Exercise description: Beginning with the first line of the material, set down each line exactly as written, up to and including the line with "sqrt (\<Sum>n. (cmod".

Records:
(* Let $\alpha=(\alpha_n)_{n\in\mathbb{N}}\in\ell^2$. The Rhaly operator $R_\alpha$ is compact on $\ell^2$ if and only if $\lim_{k\to\infty}\sigma_k=0$.
   Context: $\mathbb{N}=\{0,1,2,\dots\}$; $\ell^2$ is the space of square-summable functions $\mathbb{N}\to\mathbb{C}$. The Rhaly operator is $(R_\alpha f)(k)=\alpha_k\sum_{j=0}^k f(j)$. For $k\in\mathbb{N}$, $\sigma_k=\big(\sum_{j=2^k}^{2^{k+1}-1}(j+1)|\alpha_j|^2\big)^{1/2}$. *)

theory Defs
  imports "HOL-Analysis.Analysis"
begin

definition in_l2 :: "(nat \<Rightarrow> complex) \<Rightarrow> bool" where
  "in_l2 f \<longleftrightarrow> summable (\<lambda>n. (cmod (f n))\<^sup>2)"

definition l2_norm :: "(nat \<Rightarrow> complex) \<Rightarrow> real" where
  "l2_norm f = sqrt (\<Sum>n. (cmod (f n))\<^sup>2)"

definition rhaly :: "(nat \<Rightarrow> complex) \<Rightarrow> (nat \<Rightarrow> complex) \<Rightarrow> (nat \<Rightarrow> complex)" where
  "rhaly \<alpha> f = (\<lambda>k. \<alpha> k * (\<Sum>j\<le>k. f j))"

definition compact_op_l2 :: "((nat \<Rightarrow> complex) \<Rightarrow> (nat \<Rightarrow> complex)) \<Rightarrow> bool" where
  "compact_op_l2 T \<longleftrightarrow>
     (\<forall>f. in_l2 f \<longrightarrow> in_l2 (T f)) \<and>
     (\<forall>x :: nat \<Rightarrow> nat \<Rightarrow> complex. (\<forall>n. in_l2 (x n)) \<and> (\<exists>B. \<forall>n. l2_norm (x n) \<le> B) \<longrightarrow>
        (\<exists>r g. strict_mono r \<and> in_l2 g \<and>
               (\<lambda>n. l2_norm (T (x (r n)) - g)) \<longlonglongrightarrow> 0))"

Exercise output:
(* Let $\alpha=(\alpha_n)_{n\in\mathbb{N}}\in\ell^2$. The Rhaly operator $R_\alpha$ is compact on $\ell^2$ if and only if $\lim_{k\to\infty}\sigma_k=0$.
   Context: $\mathbb{N}=\{0,1,2,\dots\}$; $\ell^2$ is the space of square-summable functions $\mathbb{N}\to\mathbb{C}$. The Rhaly operator is $(R_\alpha f)(k)=\alpha_k\sum_{j=0}^k f(j)$. For $k\in\mathbb{N}$, $\sigma_k=\big(\sum_{j=2^k}^{2^{k+1}-1}(j+1)|\alpha_j|^2\big)^{1/2}$. *)

theory Defs
  imports "HOL-Analysis.Analysis"
begin

definition in_l2 :: "(nat \<Rightarrow> complex) \<Rightarrow> bool" where
  "in_l2 f \<longleftrightarrow> summable (\<lambda>n. (cmod (f n))\<^sup>2)"

definition l2_norm :: "(nat \<Rightarrow> complex) \<Rightarrow> real" where
  "l2_norm f = sqrt (\<Sum>n. (cmod (f n))\<^sup>2)"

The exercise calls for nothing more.